- Work item:
Among the lines of the records, count those containing the word "every", then give the number alone.

[Entries taken from a collection]
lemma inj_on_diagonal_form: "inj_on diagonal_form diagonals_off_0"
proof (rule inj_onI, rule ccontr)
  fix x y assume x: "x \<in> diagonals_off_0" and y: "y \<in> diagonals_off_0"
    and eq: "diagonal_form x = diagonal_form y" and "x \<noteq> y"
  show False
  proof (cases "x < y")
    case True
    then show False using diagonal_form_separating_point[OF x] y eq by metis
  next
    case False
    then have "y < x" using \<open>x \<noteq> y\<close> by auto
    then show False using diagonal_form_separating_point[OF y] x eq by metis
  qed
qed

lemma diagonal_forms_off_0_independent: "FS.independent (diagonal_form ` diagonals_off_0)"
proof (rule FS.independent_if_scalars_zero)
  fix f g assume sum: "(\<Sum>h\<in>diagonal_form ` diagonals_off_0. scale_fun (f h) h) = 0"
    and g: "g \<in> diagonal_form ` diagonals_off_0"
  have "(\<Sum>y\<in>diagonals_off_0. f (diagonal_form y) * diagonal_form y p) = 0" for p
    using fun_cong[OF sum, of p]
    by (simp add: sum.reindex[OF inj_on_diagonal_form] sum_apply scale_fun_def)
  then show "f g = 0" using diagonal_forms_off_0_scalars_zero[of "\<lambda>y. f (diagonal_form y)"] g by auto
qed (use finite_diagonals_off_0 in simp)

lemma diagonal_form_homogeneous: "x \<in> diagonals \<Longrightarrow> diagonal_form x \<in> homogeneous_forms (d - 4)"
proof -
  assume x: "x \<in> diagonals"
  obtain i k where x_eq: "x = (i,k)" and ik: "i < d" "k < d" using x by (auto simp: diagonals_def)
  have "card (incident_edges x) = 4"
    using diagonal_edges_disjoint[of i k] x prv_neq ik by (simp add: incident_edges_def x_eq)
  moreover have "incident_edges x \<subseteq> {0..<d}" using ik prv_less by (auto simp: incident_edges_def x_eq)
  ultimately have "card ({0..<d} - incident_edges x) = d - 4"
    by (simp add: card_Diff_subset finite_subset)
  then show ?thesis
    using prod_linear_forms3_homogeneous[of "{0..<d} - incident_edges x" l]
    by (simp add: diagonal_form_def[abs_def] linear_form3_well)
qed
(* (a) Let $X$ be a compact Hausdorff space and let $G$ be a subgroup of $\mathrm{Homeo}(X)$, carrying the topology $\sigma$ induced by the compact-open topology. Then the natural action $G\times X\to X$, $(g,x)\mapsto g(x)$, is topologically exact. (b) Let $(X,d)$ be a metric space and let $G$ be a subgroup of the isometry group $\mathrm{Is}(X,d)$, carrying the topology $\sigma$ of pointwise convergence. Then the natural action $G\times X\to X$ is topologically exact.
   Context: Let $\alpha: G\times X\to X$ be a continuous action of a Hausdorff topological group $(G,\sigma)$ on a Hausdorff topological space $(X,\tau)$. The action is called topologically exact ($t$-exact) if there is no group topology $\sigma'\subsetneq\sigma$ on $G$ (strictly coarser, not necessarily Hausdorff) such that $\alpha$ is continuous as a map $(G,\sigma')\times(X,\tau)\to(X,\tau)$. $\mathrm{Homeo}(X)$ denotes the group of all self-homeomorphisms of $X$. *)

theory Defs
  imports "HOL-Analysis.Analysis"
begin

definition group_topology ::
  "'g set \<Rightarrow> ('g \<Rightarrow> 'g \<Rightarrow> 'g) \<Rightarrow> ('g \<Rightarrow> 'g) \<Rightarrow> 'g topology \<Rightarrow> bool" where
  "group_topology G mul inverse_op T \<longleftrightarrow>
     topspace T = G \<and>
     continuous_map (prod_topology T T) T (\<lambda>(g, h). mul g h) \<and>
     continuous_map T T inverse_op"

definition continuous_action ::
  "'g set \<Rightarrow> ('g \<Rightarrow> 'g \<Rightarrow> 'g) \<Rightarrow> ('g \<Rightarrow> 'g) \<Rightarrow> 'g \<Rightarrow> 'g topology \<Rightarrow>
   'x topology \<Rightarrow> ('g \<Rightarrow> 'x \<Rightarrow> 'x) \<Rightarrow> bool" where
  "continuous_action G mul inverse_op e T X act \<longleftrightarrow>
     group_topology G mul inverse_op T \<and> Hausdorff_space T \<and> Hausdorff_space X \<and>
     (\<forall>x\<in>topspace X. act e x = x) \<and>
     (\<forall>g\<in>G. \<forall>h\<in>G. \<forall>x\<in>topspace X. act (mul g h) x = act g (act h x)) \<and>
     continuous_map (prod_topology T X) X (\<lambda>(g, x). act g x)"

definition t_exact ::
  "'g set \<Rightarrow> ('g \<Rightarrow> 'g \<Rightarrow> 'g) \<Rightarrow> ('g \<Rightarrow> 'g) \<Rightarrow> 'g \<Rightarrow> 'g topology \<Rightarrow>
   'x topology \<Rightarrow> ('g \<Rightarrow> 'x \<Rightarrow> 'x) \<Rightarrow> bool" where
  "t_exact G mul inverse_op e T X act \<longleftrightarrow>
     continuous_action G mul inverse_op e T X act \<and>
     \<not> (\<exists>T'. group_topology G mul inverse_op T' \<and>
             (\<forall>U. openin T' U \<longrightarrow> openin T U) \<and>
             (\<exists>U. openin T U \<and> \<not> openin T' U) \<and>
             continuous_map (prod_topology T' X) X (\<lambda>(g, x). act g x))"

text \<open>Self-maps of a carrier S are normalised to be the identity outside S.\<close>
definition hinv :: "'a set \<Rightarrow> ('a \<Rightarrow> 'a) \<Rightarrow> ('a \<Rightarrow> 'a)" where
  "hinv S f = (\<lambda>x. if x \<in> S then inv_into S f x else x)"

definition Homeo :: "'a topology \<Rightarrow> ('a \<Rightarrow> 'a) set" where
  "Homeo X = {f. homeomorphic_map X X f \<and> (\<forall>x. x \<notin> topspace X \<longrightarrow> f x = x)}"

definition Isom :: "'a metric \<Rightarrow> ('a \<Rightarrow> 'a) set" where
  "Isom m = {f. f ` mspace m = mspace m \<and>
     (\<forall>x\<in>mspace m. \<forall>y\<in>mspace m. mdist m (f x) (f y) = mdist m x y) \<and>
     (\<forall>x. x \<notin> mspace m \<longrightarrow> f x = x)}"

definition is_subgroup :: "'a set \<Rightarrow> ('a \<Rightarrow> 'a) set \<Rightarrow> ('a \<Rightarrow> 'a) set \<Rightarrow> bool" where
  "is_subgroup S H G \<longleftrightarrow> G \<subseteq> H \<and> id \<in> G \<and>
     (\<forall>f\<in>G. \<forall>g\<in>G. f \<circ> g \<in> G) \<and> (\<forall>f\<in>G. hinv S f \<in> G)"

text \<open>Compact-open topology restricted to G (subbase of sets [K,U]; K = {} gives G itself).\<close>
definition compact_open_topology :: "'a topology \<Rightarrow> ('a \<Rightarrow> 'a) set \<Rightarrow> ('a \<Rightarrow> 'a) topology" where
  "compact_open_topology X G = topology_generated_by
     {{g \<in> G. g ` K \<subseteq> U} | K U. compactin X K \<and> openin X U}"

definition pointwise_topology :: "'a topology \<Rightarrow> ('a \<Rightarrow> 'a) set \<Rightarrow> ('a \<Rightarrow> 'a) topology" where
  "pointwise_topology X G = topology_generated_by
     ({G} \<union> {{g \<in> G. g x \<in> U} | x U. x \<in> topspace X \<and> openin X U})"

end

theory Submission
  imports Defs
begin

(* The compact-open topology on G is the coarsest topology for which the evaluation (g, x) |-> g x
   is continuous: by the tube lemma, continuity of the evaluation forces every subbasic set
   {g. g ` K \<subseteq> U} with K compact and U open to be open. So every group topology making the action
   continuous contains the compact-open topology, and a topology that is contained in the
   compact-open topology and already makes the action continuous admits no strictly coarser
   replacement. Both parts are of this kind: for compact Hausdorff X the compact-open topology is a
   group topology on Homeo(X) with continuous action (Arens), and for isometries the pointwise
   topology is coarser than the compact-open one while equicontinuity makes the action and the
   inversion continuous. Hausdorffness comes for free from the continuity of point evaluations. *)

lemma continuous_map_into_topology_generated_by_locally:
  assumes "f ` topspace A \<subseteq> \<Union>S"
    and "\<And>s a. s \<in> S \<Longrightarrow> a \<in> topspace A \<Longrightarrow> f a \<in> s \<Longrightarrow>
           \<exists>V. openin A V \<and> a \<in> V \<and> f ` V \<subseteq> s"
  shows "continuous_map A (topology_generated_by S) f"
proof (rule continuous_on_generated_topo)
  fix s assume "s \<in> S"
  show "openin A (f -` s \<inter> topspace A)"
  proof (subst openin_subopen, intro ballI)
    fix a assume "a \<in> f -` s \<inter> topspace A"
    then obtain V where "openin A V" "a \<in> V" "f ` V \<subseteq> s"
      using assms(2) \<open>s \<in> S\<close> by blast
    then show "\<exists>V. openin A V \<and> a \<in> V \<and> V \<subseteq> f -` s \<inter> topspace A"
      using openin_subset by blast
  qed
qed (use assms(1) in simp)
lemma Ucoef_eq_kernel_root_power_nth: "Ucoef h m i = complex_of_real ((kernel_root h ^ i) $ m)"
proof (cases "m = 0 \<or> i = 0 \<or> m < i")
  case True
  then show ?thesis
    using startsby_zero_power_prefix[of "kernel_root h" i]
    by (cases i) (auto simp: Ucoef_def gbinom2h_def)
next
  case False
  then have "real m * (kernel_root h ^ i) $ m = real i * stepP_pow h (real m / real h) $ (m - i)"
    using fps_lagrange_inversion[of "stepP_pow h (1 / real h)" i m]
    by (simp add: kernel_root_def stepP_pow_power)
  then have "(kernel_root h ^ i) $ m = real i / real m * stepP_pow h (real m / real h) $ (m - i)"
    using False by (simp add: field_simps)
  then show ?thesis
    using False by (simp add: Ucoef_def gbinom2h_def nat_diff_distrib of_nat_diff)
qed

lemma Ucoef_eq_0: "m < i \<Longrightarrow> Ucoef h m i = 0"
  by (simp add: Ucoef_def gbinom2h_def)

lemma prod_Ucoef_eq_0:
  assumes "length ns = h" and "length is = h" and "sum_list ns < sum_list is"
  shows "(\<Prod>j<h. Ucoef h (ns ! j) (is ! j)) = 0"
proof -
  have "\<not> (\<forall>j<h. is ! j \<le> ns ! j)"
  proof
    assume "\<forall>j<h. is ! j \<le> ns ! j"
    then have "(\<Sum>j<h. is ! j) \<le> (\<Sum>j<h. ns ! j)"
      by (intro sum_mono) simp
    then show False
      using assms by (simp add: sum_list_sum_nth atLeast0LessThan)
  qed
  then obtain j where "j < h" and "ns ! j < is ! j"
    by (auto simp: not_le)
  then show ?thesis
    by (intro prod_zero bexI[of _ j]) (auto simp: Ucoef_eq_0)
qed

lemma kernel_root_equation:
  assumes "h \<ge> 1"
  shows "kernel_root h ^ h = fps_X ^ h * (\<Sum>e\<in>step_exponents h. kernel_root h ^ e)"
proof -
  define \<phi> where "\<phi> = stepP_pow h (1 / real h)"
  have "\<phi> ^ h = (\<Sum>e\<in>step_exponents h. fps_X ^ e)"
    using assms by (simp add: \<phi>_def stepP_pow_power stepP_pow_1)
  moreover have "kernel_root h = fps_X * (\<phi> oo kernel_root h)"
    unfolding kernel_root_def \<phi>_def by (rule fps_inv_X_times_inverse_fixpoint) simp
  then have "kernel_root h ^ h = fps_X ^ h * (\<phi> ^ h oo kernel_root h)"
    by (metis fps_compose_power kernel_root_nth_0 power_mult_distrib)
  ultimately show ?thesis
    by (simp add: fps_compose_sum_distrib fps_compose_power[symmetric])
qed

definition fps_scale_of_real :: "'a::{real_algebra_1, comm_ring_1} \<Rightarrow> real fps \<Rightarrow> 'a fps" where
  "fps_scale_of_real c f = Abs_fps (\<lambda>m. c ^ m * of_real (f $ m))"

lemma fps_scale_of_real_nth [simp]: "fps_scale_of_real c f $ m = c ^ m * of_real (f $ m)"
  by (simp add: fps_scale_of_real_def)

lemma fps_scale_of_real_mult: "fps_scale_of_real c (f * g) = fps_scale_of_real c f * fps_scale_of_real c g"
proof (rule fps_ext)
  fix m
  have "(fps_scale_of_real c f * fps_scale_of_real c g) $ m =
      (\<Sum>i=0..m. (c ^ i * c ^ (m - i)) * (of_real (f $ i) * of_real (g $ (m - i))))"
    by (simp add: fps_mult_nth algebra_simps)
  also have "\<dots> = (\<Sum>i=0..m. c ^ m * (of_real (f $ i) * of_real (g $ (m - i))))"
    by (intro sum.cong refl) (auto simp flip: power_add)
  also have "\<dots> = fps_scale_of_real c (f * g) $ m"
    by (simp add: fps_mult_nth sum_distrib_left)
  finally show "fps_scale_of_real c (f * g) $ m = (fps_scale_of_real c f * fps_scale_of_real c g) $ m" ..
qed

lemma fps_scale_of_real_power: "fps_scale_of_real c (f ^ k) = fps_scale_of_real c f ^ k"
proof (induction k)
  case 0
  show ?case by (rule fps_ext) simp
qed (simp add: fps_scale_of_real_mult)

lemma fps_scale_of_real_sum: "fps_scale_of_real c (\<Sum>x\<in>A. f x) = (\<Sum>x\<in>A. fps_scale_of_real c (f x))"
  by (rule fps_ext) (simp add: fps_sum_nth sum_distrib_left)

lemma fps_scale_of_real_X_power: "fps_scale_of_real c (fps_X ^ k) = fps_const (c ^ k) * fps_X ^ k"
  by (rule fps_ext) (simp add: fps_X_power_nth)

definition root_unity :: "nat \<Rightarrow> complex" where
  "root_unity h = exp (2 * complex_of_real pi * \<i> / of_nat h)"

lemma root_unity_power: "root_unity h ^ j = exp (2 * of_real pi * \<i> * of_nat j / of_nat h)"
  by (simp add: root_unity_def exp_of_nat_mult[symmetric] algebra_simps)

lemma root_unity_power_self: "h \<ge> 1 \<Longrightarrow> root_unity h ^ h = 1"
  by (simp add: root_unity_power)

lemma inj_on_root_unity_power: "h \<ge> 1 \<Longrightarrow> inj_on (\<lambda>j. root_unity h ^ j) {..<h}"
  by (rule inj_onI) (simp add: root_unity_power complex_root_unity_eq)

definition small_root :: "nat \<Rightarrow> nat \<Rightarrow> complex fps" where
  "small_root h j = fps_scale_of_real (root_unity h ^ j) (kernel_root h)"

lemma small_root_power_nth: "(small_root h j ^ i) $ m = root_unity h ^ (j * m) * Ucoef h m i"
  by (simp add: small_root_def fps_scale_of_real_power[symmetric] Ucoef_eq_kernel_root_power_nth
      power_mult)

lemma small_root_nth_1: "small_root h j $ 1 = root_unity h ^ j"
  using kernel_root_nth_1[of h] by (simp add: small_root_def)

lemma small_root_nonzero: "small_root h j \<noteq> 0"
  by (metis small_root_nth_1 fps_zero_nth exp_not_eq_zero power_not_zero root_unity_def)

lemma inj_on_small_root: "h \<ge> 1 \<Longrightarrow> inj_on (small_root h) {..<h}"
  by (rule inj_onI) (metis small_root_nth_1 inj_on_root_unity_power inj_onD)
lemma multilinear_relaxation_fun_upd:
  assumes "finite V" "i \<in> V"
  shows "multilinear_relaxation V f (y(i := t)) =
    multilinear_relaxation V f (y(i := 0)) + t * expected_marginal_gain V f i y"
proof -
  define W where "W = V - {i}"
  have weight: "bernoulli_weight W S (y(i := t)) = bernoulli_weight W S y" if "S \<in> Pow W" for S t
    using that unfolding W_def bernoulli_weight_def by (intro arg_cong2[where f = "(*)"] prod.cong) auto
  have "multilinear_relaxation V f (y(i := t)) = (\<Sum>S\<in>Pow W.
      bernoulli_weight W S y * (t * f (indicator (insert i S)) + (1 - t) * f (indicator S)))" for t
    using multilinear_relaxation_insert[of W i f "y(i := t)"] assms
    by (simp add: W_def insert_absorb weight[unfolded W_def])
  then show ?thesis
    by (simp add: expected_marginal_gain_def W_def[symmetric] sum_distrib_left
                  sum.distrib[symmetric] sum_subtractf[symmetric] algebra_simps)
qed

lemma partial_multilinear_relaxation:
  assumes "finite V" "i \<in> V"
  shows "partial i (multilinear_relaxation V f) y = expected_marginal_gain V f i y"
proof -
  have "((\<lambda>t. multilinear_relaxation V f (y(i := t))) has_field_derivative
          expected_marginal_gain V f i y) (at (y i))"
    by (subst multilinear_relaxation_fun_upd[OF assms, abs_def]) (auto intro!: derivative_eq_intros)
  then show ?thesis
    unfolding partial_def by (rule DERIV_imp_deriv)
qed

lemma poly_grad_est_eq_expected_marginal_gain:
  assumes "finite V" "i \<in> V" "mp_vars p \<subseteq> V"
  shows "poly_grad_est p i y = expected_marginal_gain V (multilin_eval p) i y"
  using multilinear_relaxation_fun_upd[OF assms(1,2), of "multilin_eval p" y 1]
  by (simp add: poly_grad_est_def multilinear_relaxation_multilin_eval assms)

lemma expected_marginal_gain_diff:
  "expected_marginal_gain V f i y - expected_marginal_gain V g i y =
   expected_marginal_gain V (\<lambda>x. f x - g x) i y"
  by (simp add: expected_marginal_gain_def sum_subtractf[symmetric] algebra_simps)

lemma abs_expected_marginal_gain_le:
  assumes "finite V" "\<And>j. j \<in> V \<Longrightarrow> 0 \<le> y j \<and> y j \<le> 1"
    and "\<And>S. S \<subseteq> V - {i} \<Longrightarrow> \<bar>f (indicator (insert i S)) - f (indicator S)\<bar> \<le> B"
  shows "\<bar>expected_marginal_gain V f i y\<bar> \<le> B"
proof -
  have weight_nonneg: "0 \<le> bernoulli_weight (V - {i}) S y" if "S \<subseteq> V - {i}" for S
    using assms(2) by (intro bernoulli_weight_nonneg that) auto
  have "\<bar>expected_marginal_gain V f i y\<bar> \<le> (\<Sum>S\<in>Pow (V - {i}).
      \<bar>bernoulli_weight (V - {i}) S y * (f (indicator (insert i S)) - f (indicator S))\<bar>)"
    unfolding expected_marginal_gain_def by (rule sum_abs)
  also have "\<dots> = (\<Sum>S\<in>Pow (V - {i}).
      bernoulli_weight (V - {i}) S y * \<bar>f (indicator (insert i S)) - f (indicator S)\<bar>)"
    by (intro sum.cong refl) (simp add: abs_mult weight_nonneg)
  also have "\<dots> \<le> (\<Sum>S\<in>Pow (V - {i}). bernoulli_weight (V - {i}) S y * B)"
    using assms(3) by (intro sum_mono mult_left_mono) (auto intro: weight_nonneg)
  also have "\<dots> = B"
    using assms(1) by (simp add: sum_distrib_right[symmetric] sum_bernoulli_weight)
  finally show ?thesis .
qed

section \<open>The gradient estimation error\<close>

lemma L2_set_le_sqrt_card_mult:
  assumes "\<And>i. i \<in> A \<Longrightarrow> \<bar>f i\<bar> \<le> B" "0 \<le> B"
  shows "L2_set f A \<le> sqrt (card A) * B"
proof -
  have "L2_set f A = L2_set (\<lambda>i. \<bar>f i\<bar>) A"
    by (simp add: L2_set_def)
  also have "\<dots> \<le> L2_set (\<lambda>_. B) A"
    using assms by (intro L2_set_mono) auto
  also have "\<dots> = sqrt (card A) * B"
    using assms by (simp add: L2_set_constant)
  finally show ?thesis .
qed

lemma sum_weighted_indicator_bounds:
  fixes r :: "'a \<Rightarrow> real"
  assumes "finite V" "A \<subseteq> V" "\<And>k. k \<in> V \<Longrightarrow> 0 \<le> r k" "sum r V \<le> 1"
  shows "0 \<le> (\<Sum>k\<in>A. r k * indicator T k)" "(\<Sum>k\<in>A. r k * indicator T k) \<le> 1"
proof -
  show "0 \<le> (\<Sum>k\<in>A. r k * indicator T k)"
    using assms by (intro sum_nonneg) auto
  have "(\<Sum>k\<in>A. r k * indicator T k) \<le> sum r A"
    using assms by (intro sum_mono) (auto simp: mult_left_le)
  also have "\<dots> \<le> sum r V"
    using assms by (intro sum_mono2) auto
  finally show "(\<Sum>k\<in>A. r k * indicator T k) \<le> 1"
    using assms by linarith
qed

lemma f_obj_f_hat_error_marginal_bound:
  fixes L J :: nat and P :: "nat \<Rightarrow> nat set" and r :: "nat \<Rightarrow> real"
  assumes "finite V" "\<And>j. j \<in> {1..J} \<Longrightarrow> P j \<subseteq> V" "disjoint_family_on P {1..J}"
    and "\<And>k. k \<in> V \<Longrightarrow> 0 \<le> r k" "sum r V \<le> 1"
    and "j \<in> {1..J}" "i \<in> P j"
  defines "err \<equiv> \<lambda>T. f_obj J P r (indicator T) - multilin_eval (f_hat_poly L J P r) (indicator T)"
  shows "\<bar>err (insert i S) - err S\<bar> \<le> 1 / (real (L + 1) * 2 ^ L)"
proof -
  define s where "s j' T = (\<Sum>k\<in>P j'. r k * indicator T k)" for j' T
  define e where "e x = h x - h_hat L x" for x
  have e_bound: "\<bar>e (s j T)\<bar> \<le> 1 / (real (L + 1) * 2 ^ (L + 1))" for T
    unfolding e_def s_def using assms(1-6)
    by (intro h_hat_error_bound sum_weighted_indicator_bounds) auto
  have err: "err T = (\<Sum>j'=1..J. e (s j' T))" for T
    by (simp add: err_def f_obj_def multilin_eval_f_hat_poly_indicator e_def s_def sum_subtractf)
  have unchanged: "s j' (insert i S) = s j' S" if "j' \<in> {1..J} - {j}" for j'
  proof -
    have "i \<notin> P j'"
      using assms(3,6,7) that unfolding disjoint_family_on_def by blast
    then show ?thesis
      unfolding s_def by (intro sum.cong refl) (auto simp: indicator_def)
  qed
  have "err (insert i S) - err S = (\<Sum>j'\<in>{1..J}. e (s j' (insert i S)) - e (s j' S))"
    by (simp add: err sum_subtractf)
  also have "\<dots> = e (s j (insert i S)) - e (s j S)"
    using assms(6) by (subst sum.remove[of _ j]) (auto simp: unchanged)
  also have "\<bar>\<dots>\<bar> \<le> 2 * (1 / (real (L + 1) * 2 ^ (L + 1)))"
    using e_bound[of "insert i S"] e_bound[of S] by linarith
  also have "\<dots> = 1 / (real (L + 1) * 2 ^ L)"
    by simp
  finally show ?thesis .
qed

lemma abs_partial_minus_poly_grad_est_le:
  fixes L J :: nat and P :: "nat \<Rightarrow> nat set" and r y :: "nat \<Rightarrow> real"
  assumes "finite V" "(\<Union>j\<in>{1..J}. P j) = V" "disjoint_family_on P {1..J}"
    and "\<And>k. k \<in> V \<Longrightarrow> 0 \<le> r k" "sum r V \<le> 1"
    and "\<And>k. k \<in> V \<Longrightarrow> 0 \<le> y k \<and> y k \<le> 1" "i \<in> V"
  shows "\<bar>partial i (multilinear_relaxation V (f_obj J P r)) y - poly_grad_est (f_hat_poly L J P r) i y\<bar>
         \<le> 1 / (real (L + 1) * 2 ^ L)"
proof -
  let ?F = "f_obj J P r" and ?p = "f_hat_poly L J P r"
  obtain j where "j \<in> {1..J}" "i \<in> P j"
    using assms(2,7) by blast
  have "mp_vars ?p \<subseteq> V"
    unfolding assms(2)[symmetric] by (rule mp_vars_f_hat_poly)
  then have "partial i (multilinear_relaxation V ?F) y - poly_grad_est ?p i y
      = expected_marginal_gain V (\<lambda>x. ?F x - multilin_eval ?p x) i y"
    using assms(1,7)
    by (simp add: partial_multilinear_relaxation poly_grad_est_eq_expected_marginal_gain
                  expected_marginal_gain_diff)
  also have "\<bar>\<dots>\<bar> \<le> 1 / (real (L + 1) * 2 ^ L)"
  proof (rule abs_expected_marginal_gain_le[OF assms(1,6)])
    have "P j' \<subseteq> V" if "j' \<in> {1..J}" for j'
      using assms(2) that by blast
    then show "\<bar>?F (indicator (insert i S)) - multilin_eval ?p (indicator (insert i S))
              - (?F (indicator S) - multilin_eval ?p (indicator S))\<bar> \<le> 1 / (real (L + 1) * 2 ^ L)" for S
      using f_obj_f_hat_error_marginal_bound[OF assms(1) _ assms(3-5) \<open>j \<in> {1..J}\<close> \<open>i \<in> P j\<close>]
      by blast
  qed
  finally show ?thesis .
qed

- Answer section:
2